Mushroom and Bok Choy Miso Soup

Soup, soup, soup. Can’t stop, won’t stop. Soup season is the best season. Hence the flurry of soup recipes on the blog lately. They’re so simple to make and honestly so warming and filling. The best part is most soups are a one pot stop, so its easy cleanup. This soup is so easy to make and can be done in less than 30 minutes. This asian inspired soup  is filled with umami, especially from the miso and kombu. 

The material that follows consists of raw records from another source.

text \<open>Exclusively autocatalytic motif (M, R'). Nonemptiness of M is part of the notion
  (a motif with no species is not considered; with M nonempty, (ii) forces R' nonempty).\<close>
definition excl_autocatalytic ::
  "('s \<Rightarrow> 'r \<Rightarrow> nat) \<Rightarrow> ('s \<Rightarrow> 'r \<Rightarrow> nat) \<Rightarrow> 's set \<Rightarrow> 'r set \<Rightarrow> bool" where
  "excl_autocatalytic Sm Sp M R' \<longleftrightarrow>
     M \<noteq> {} \<and>
     (\<exists>v :: 'r \<Rightarrow> real. (\<forall>r\<in>R'. v r > 0) \<and>
        (\<forall>s\<in>M. (\<Sum>r\<in>R'. stoich Sm Sp s r * v r) > 0)) \<and>
     (\<forall>s\<in>M. \<exists>r\<in>R'. Sm s r > 0) \<and>
     (\<forall>r\<in>R'. \<exists>s\<in>M. Sm s r > 0)"

definition autocatalytic_core ::
  "'s set \<Rightarrow> 'r set \<Rightarrow> ('s \<Rightarrow> 'r \<Rightarrow> nat) \<Rightarrow> ('s \<Rightarrow> 'r \<Rightarrow> nat) \<Rightarrow> 's set \<Rightarrow> 'r set \<Rightarrow> bool" where
  "autocatalytic_core S R Sm Sp AC RA \<longleftrightarrow>
     AC \<subseteq> S \<and> RA \<subseteq> R \<and> excl_autocatalytic Sm Sp AC RA \<and>
     (\<forall>M' R''. M' \<subseteq> AC \<and> R'' \<subseteq> RA \<and> (M', R'') \<noteq> (AC, RA) \<longrightarrow>
        \<not> excl_autocatalytic Sm Sp M' R'')"

definition invertible_on :: "'a set \<Rightarrow> 'b set \<Rightarrow> ('a \<Rightarrow> 'b \<Rightarrow> real) \<Rightarrow> bool" where
  "invertible_on M N A \<longleftrightarrow>
     (\<exists>B :: 'b \<Rightarrow> 'a \<Rightarrow> real.
        (\<forall>i\<in>M. \<forall>j\<in>M. (\<Sum>k\<in>N. A i k * B k j) = (if i = j then 1 else 0)) \<and>
        (\<forall>k\<in>N. \<forall>l\<in>N. (\<Sum>i\<in>M. B k i * A i l) = (if k = l then 1 else 0)))"

end

theory Submission
  imports Defs "Jordan_Normal_Form.Determinant"
begin

text \<open>Minimality of the core does all the work. Choosing one reactant species in the core set
  for every reaction of the core gives a sub-motif on the same reactions, so there are at least
  as many reactions as species. If the restricted stoichiometric matrix had a nonzero kernel
  vector \<open>w\<close>, we may take \<open>w\<close> negative somewhere; moving a positive flux \<open>v\<close> with positive net
  production along \<open>w\<close> until it first leaves the positive orthant keeps the net production
  but kills some reaction rate, and the support of the new flux is a strictly smaller
  exclusively autocatalytic motif. So the matrix is injective with at least as many columns as
  rows, hence square and invertible.\<close>

unbundle no vec_syntax \<comment> \<open>so that \<open>$\<close> is unambiguously vector indexing of JNF\<close>
lemma deg_weight_bounded_dderiv:
  fixes p :: "'k::comm_ring_1 dpoly"
  assumes p: "deg_weight_bounded d w p"
  shows "deg_weight_bounded d (Suc w) (dderiv p)"
  unfolding dderiv_def
proof (intro deg_weight_bounded_sum)
  fix m i v
  assume m: "m \<in> Poly_Mapping.keys p" and i: "i \<in> Poly_Mapping.keys m"
  have "total_degree (m - unit_exp i + unit_exp (Suc i)) = total_degree m"
    "weight (m - unit_exp i + unit_exp (Suc i)) = Suc (weight m)"
    using wdeg_shift_exp[OF i, of "\<lambda>_. 1"] wdeg_shift_exp[OF i, of id] by simp_all
  with deg_weight_boundedD[OF p m]
  show "deg_weight_bounded d (Suc w) (Poly_Mapping.single (m - unit_exp i + unit_exp (Suc i)) v)"
    by (simp add: deg_weight_bounded_def)
qed

lemma deg_weight_bounded_dderiv_funpow:
  "deg_weight_bounded d w (p :: 'k::comm_ring_1 dpoly) \<Longrightarrow>
    deg_weight_bounded d (w + l) ((dderiv ^^ l) p)"
  by (induction l) (simp_all add: deg_weight_bounded_dderiv)

lemma deg_weight_bounded_op_mult:
  fixes P Q :: "nat \<Rightarrow> 'k::comm_ring_1 dpoly"
  assumes P: "\<And>i. deg_weight_bounded 1 W (P i)" and order: "\<And>i. P i \<noteq> 0 \<Longrightarrow> i \<le> N"
    and Q: "\<And>j. deg_weight_bounded d w (Q j)"
  shows "deg_weight_bounded (Suc d) (W + N + w) (op_mult P Q k)"
  unfolding op_mult_def
proof (intro deg_weight_bounded_sum)
  fix i j l assume i: "i \<in> {i. P i \<noteq> 0}" and l: "l \<in> {..i}"
  have "deg_weight_bounded (0 + 1 + d) (0 + W + (w + l))
      (of_nat (i choose l) * P i * (dderiv ^^ l) (Q j))"
    by (intro deg_weight_bounded_mult deg_weight_bounded_of_nat P deg_weight_bounded_dderiv_funpow Q)
  moreover have "l \<le> N" using i l order by fastforce
  ultimately show "deg_weight_bounded (Suc d) (W + N + w)
      (if i + j - l = k then of_nat (i choose l) * P i * (dderiv ^^ l) (Q j) else 0)"
    by (auto elim: deg_weight_bounded_mono)
qed

lemma deg_weight_bounded_op_pow:
  fixes P :: "nat \<Rightarrow> 'k::comm_ring_1 dpoly"
  assumes P: "\<And>i. deg_weight_bounded 1 W (P i)" and order: "\<And>i. P i \<noteq> 0 \<Longrightarrow> i \<le> N"
  shows "deg_weight_bounded (Suc n) (Suc n * (W + N)) (op_pow P n k)"
proof (induction n arbitrary: k)
  case 0
  show ?case using deg_weight_bounded_mono[OF P[of k]] by simp
next
  case (Suc n)
  from deg_weight_bounded_op_mult[OF P order Suc.IH] show ?case by (simp add: add.assoc)
qed

lemma D2_op_deg_weight_bounded:
  assumes "is_D2_op P"
  obtains W N where "\<And>i. deg_weight_bounded 1 W (P i)" and "\<And>i. P i \<noteq> 0 \<Longrightarrow> i \<le> N"
proof -
  have fin: "finite {i. P i \<noteq> 0}" and kplus: "\<And>i. P i \<in> kplus"
    using assms by (auto simp: is_D2_op_def)
  from fin obtain N where N: "\<And>i. P i \<noteq> 0 \<Longrightarrow> i \<le> N"
    unfolding finite_nat_set_iff_bounded_le by blast
  define T where "T = (\<Union>i\<in>{i. P i \<noteq> 0}. Poly_Mapping.keys (P i))"
  from fin have "finite (weight ` T)" by (simp add: T_def)
  then obtain W where W: "\<And>m. m \<in> T \<Longrightarrow> weight m \<le> W"
    unfolding finite_nat_set_iff_bounded_le by blast
  have "deg_weight_bounded 1 W (P i)" for i
  proof (rule deg_weight_boundedI)
    fix m assume m: "m \<in> Poly_Mapping.keys (P i)"
    then have "m \<noteq> 0" using kplus[of i] by (auto simp: kplus_def in_keys_iff)
    moreover have "P i \<noteq> 0" using m by auto
    with m have "m \<in> T" unfolding T_def by blast
    ultimately show "1 \<le> total_degree m \<and> weight m \<le> W"
      using W total_degree_pos by blast
  qed
  from this N show ?thesis by (rule that)
qed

Kombu is dried kelp/seaweed. You can find it at most Asian stores, but we bought ours here on Amazon. It’s a simple ingredient but it adds so much flavor. In fact, whenever you go to Japanese and Chinese restaurants, and you’re sitting there trying to figure out how their soup/broth/dashi has so much flavor. The not-so-secret ingredient is kombu!

Ingredients:

  • Baby bella mushrooms (20 oz, sliced)
  • Baby bok choy (3)
  • Kombu (1 4 inch piece)
  • White Miso Paste(1.5 tablespoon)
  • Chili Garlic Sauce (1-2 teaspoon)
  • Soy Sauce (1 teaspoon)
  • Toasted sesame oil (1 teaspoon)
  • Rice vinegar (1 teaspoon)
  • Salt
  • Olive Oil (1.5 tablespoon)
  • Water (3 cups)

Recipe: (4 servings)

  1. First prep your bok choy. Chop the end (core) off and separate the leaves. Then rinse the leaves and set aside.
  2. In a large pot,  heat 1 tablespoon of olive oil on medium high heat. Once the oil is hot, add the mushrooms and cook until they reduce (about 6-8 minutes). The mushrooms will likely release a lot of water, which is great because it adds to the flavor of the broth.
  3. Once the mushrooms have reduced to about half their size, you can add 1 cup of water. Increase the heat to high and once the water is boiling, you can add the miso paste. Let the miso paste dissolve by stirring frequently. 
  4. At this point, you can add the kombu and the remaining 2 cups of water. Allow the broth to come to a simmer. 
  5. Add the chili garlic paste (add more if you want it spicy), rice vinegar, sesame oil, soy sauce and stir. Add salt to taste. 
  6. You can now add the bok choy leaves to the broth. They should take about 1-2 minutes until they are wilted through. At that point, you can turn the heat off.
  7. Serve in large bowl.  Ensure that you remove the kombu from the broth. It is edible but it can be a bit overpowering to get a giant sheet of kombu in a bowl of soup. So I removed it and set it aside. 2 minutes later it was gone, my husband ate it. He thought it was a delicious pre-dinner snack.